High-tech labs gear teens toward workforce in Wausau

by | Sep 27, 2016 | Stand Up for Public Education Blog | 0 comments

Wausau Daily Herald: Senior Brennen Pozorski learned how to fine tune the new cobalt-blue, manual mills in the Wausau East High School metals lab and was setting them up and leveling their tables a week after classes started this fall.

The 17-year-old likes working with his hands and is thinking about attending Northcentral Technical College, where he already has some credits earned through his high school classes. Pozorski will likely earn more of those credits before graduating and in the process learn how to use the lab’s new computer numerical-controlled — or CNC — mills, which can be programmed to cut things out and drill.

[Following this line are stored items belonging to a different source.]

lemma rhox_bound:
  assumes t: "t \<in> {0..<T}"
  shows "\<bar>rhox t x\<bar> < Q * exp (E * t)"
proof -
  obtain V where V: "\<And>s y. 0 \<le> s \<Longrightarrow> s \<le> t \<Longrightarrow> \<bar>f (u s y)\<bar> \<le> V \<and> \<bar>u s y\<bar> \<le> V"
    using speeds_bounded[OF t] by blast
  note Q = initial_slopes_below_Q(3)
  have \<Phi>: "1 \<le> Q * exp (E * s)" if "0 \<le> s" for s
  proof -
    have "1 \<le> exp (E * s)" using G_bounds(1) that by (simp add: E_eq)
    then show ?thesis using Q mult_mono[of 1 Q 1 "exp (E * s)"] by simp
  qed
  have sT: "s \<in> {0..<T}" if "0 < s" "s \<le> t" for s using t that by auto
  have "\<bar>rhox t x\<bar> < Q * exp (E * t) \<and> \<bar>ex t x\<bar> < Q * exp (E * t)"
  proof (rule transport_joint_exponential_bound[OF rhox_C1 ex_C1, where a="\<lambda>s y. f (u s y)"
        and b=u and V=V])
    fix y show "\<bar>rhox 0 y\<bar> < Q \<and> \<bar>ex 0 y\<bar> < Q"
      using t initial_slopes_below_Q(1,2)[of y] by (simp add: ex_def rhox_init uxx_init)
  next
    fix s y assume s: "0 < s" "s \<le> t"
      and "\<bar>rhox s y\<bar> = Q * exp (E * s)" "\<bar>ex s y\<bar> \<le> Q * exp (E * s)"
    then show "rhox s y * (rhoxt s y + f (u s y) * rhoxx s y) < E * (Q * exp (E * s))\<^sup>2"
      using rhox_growth_at_touch[OF sT[OF s] \<Phi>[of s]] by simp
  next
    fix s y assume s: "0 < s" "s \<le> t"
      and "\<bar>ex s y\<bar> = Q * exp (E * s)" "\<bar>rhox s y\<bar> \<le> Q * exp (E * s)"
    then show "ex s y * (ext s y + u s y * exx s y) < E * (Q * exp (E * s))\<^sup>2"
      using ex_growth_at_touch[OF sT[OF s] \<Phi>[of s]] by simp
  qed (use t V Q in auto)
  then show ?thesis by simp
qed

lemma supnorm_rhox_le: "t \<in> {0..<T} \<Longrightarrow> supnorm (rhox t) \<le> Q * exp (E * t)"
  using rhox_bound by (intro supnorm_le less_imp_le)

end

Wausau East and Wausau West high schools have a lot of new equipment and upgraded spaces for technology education. Welding booths, a laser engraver, plasma tables, a maker space, 3-D printers, revived wood and metals labs and a brand-new 9,000-square-foot auto lab all have been added to the schools’ tech-ed department in recent months.

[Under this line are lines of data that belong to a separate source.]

(* Let $m\geq1$. The filtered $\mathbb{C}$-algebra of character polynomials of $\mathbf{FI}^m$ coincides with the polynomial ring $R=\mathbb{C}[X_k^{(i)}: k\geq1,\ 1\leq i\leq m]$, where the degree of $X_k^{(i)}$ is $k\bar e^{(i)}=(0,\dots,k,\dots,0)$ ($k$ in the $i$-th coordinate).
   Context: $\mathbf{FI}$ is the category of finite sets and injections; $\mathbf{FI}^m$ has objects $m$-tuples of finite sets $\bar n=(n^{(1)},\dots,n^{(m)})$ and morphisms $m$-tuples of injections; $\bar n\leq\bar n'$ iff $|n^{(i)}|\leq|n'^{(i)}|$ for all $i$, and $\mathrm{Aut}(\bar n)=S_{\bar n}=S_{n^{(1)}}\times\cdots\times S_{n^{(m)}}$. On $S_{\bar n}$ (simultaneously for all $\bar n$), $X_k^{(i)}(\sigma^{(1)},\dots,\sigma^{(m)})$ is the number of $k$-cycles of $\sigma^{(i)}$. Character polynomials of $\mathbf{FI}^m$: for an object $\bar c$ and a conjugacy class $\mu\subseteq S_{\bar c}$ (write $|\mu|=\bar c$), let $\binom{\bar d}{\bar c}=\mathrm{Hom}(\bar c,\bar d)/S_{\bar c}$ and define the class function $\binom{X}{\mu}$ on every $S_{\bar d}$ by $\sigma\mapsto\#\{[f]\in\binom{\bar d}{\bar c}:\exists\psi\in\mu,\ \sigma f=f\psi\}$, of degree $\bar c$. A character polynomial is a $\mathbb{C}$-linear combination of such functions; it has degree $\leq\bar d$ if every $\binom{X}{\mu}$ appearing nontrivially has $|\mu|\leq\bar d$. *)

theory Defs
  imports Complex_Main "HOL-Library.FuncSet" "HOL-Combinatorics.Permutations"
begin

text \<open>Objects of FI^m: tuples c :: nat => nat with c i = 0 for i >= m; the i-th
  finite set is {..<c i}.  Every finite set is isomorphic to such a standard one.\<close>
definition obj :: "nat \<Rightarrow> (nat \<Rightarrow> nat) set" where
  "obj m = {c. \<forall>i\<ge>m. c i = 0}"

definition Sym :: "(nat \<Rightarrow> nat) \<Rightarrow> (nat \<Rightarrow> nat \<Rightarrow> nat) set" where
  "Sym c = {\<sigma>. \<forall>i. \<sigma> i permutes {..<c i}}"

definition Dom :: "nat \<Rightarrow> ((nat \<Rightarrow> nat) \<times> (nat \<Rightarrow> nat \<Rightarrow> nat)) set" where
  "Dom m = {(n, \<sigma>). n \<in> obj m \<and> \<sigma> \<in> Sym n}"

definition conj_class :: "(nat \<Rightarrow> nat) \<Rightarrow> (nat \<Rightarrow> nat \<Rightarrow> nat) \<Rightarrow> (nat \<Rightarrow> nat \<Rightarrow> nat) set" where
  "conj_class c \<rho> = {\<psi>. \<exists>\<tau>\<in>Sym c. \<psi> = (\<lambda>i. \<tau> i \<circ> \<rho> i \<circ> inv (\<tau> i))}"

It’s a good time for Wausau high schoolers to get into auto repair, manufacturing, design and other tech-centric electives. And local businesses hope students will be turned on to their industries after exploring them in school.

School district leaders, notably Career and Technical Education Coordinator Jon Winter, worked with businesses in the community to tailor the improvements at the high schools to what manufacturers and other local companies need. Some of those companies chipped in for equipment to help train students in technical-education courses.

“We see that they have a need. We’re trying to fill those pipelines,” Winter said of employers. “We built these facilities for our community.”